Police say Tripoli cease-fire near

Lebanon's police chief appeared to be making progress toward arranging a cease-fire between warring pro-Syrian and anti-Syrian factions in Tripoli Sunday as one person was killed in sporadic fighting.

State-run Beirut Radio quoted the police commander, Hisham Shaar, as saying the rival Muslim groups had promised to pull their gunmen out of the battle zones Sunday evening. If this happened, Lebanese police would enter the areas and take responsibility for security there. About 175 persons have died since the fighting erupted a month ago.

Meanwhile, Palestine Liberation Organization leader Yasser Arafat met Jordanian leaders in Amman Sunday for talks expected to focus on the outcome of King Hussein's discussions with United States President Ronald Reagan last month on the Middle East situation. The talks will also take up the question of future links between Jordan and a potential Palestinian entity on the West Bank and Gaza Strip, which Israel has occupied since 1967.
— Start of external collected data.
lemma twice_square_le_cube: "2 \<le> (d::nat) \<Longrightarrow> 2 * d ^ 2 \<le> d ^ 3 + (d - 1)"
proof -
  assume d: "2 \<le> d"
  have "2 * d ^ 2 + 1 \<le> d ^ 3 + d"
  proof -
    have "(2::int) * int d ^ 2 + 1 \<le> int d ^ 3 + int d"
    proof -
      have "1 \<le> int d - 1" using d by simp
      then have "1 * 1 \<le> (int d - 1) ^ 2" unfolding power2_eq_square by (intro mult_mono) auto
      then have "int d * (int d - 1) ^ 2 \<ge> 2 * 1"
        using d by (intro mult_mono) auto
      then show ?thesis by (simp add: power2_eq_square power3_eq_cube algebra_simps)
    qed
    then have "int (2 * d ^ 2 + 1) \<le> int (d ^ 3 + d)" by simp
    then show ?thesis by (simp only: of_nat_le_iff)
  qed
  then show ?thesis using d by linarith
qed

lemma words_avoiding_prefixes:
  assumes "finite X" and "p \<in> words X n" and "q \<in> words X n"
    and "k + 2 * card X ^ 2 \<le> card X ^ (n + 2)"
  obtains T where "T \<subseteq> words X (n + 2)" and "card T = k" and "finite T"
    and "\<forall>v\<in>T. take n v \<noteq> p \<and> take n v \<noteq> q"
proof -
  define B where "B r = extend_words X n 2 {r}" for r
  have B_words: "B r \<subseteq> words X (n + 2)" for r
    unfolding B_def by (rule extend_words_subset)
  have "card (B r) = card X ^ 2" if "r \<in> words X n" for r
    using card_extend_words[OF \<open>finite X\<close>, of "{r}" n 2] that by (simp add: B_def)
  then have "card (B p \<union> B q) \<le> 2 * card X ^ 2"
    using card_Un_le[of "B p" "B q"] assms(2,3) by simp
  moreover have sub: "B p \<union> B q \<subseteq> words X (n + 2)" using B_words by blast
  then have "card (words X (n + 2) - (B p \<union> B q)) = card X ^ (n + 2) - card (B p \<union> B q)"
    using card_Diff_subset[OF finite_subset_words[OF \<open>finite X\<close> sub] sub] card_words[OF \<open>finite X\<close>]
    by simp
  ultimately have "k \<le> card (words X (n + 2) - (B p \<union> B q))" using assms(4) by linarith
  then obtain T where T: "T \<subseteq> words X (n + 2) - (B p \<union> B q)" "card T = k" "finite T"
    by (rule obtain_subset_with_card_n)
  then show thesis using that by (auto simp: B_def extend_words_def)
qed

lemma same_orbit_add_card:
  assumes "finite X" and d: "2 \<le> card X" and n: "1 \<le> n" and S: "S \<subseteq> words X (n + 2)" "S \<noteq> {}"
    and bound: "card S + 2 * card X ^ 2 \<le> card X ^ (n + 2)"
  obtains S' where "S' \<subseteq> words X (n + 2)" and "card S' = card S + (card X - 1)"
    and "same_orbit (HT_comm X) (cylset X (n + 2) S) (cylset X (n + 2) S')"
proof -
  have X: "X \<noteq> {}" using d by auto
  have card_S: "1 \<le> card S" using S finite_subset_words[OF \<open>finite X\<close> S(1)] by (simp add: Suc_le_eq card_gt_0_iff)
  obtain a b where ab: "a \<in> X" "b \<in> X" "a \<noteq> b" using obtain_two_elements[OF d] .
  have "card X ^ 1 \<le> card X ^ n" using n d by (intro power_increasing) auto
  then obtain p q where pq: "p \<in> words X n" "q \<in> words X n" "p \<noteq> q"
    using obtain_two_elements[of "words X n"] card_words[OF \<open>finite X\<close>] d by auto
  have pX: "set p \<subseteq> X" "length p = n" using pq(1) by (simp_all add: in_words_iff)
  have "card S - 1 + 2 * card X ^ 2 \<le> card X ^ (n + 2)" using bound by linarith
  then obtain T where T: "T \<subseteq> words X (n + 2)" "card T = card S - 1" "finite T"
      and away: "\<forall>v\<in>T. take n v \<noteq> p \<and> take n v \<noteq> q"
    by (rule words_avoiding_prefixes[OF \<open>finite X\<close> pq(1,2)])
  have "p @ [a, a] \<notin> T" using away pX(2) by auto
  then have "card (insert (p @ [a, a]) T) = card S" using T(2,3) card_S by simp
  moreover have "insert (p @ [a, a]) T \<subseteq> words X (n + 2)" using T(1) pX ab by (simp add: in_words_iff)
  ultimately have "same_orbit (HT_comm X) (cylset X (n + 2) S) (cylset X (n + 2) (insert (p @ [a, a]) T))"
    using same_orbit_cylset_card[OF X \<open>finite X\<close> three_le_card_words[OF \<open>finite X\<close> d] S(1)] by simp
  moreover have "same_orbit (HT_comm X) (cylset X (n + 2) (insert (p @ [a, a]) T))
      (cylset X (n + 2) (T \<union> (\<lambda>z. p @ [a, z]) ` X))"
    using same_orbit_expand_cyl[OF X \<open>finite X\<close> pq ab T(1) away] .
  moreover have "T \<union> (\<lambda>z. p @ [a, z]) ` X \<subseteq> words X (n + 2)" using T(1) pX ab(1) by (auto simp: in_words_iff)
  moreover have "card (T \<union> (\<lambda>z. p @ [a, z]) ` X) = card S + (card X - 1)"
  proof -
    have "card ((\<lambda>z. p @ [a, z]) ` X) = card X" by (rule card_image) (auto simp: inj_on_def)
    moreover have "T \<inter> (\<lambda>z. p @ [a, z]) ` X = {}" using away pX(2) by auto
    ultimately show ?thesis
      using card_Un_disjoint[OF T(3)] \<open>finite X\<close> T(2) card_S d by simp
  qed
  ultimately show thesis
    using that same_orbit_trans[OF HT_comm_closed(2)[OF X \<open>finite X\<close>]] by blast
qed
In Tel Aviv, police and security forces were on high alert Sunday after 33 Israelis were wounded in the previous 48 hours in attacks by suspected Palestinian guerrillas in Israeli-occupied southern Lebanon and in Tel Aviv itself. In what a spokesman said was the first serious terrorist incident in the city since 1975, two hand grenades were hurled at a civilian bus in south Tel Aviv Saturday evening, wounding 12 persons. The Tel Aviv attack followed the Friday afternoon ambush of a military bus south of Beirut, in which 21 Israeli soldiers were wounded.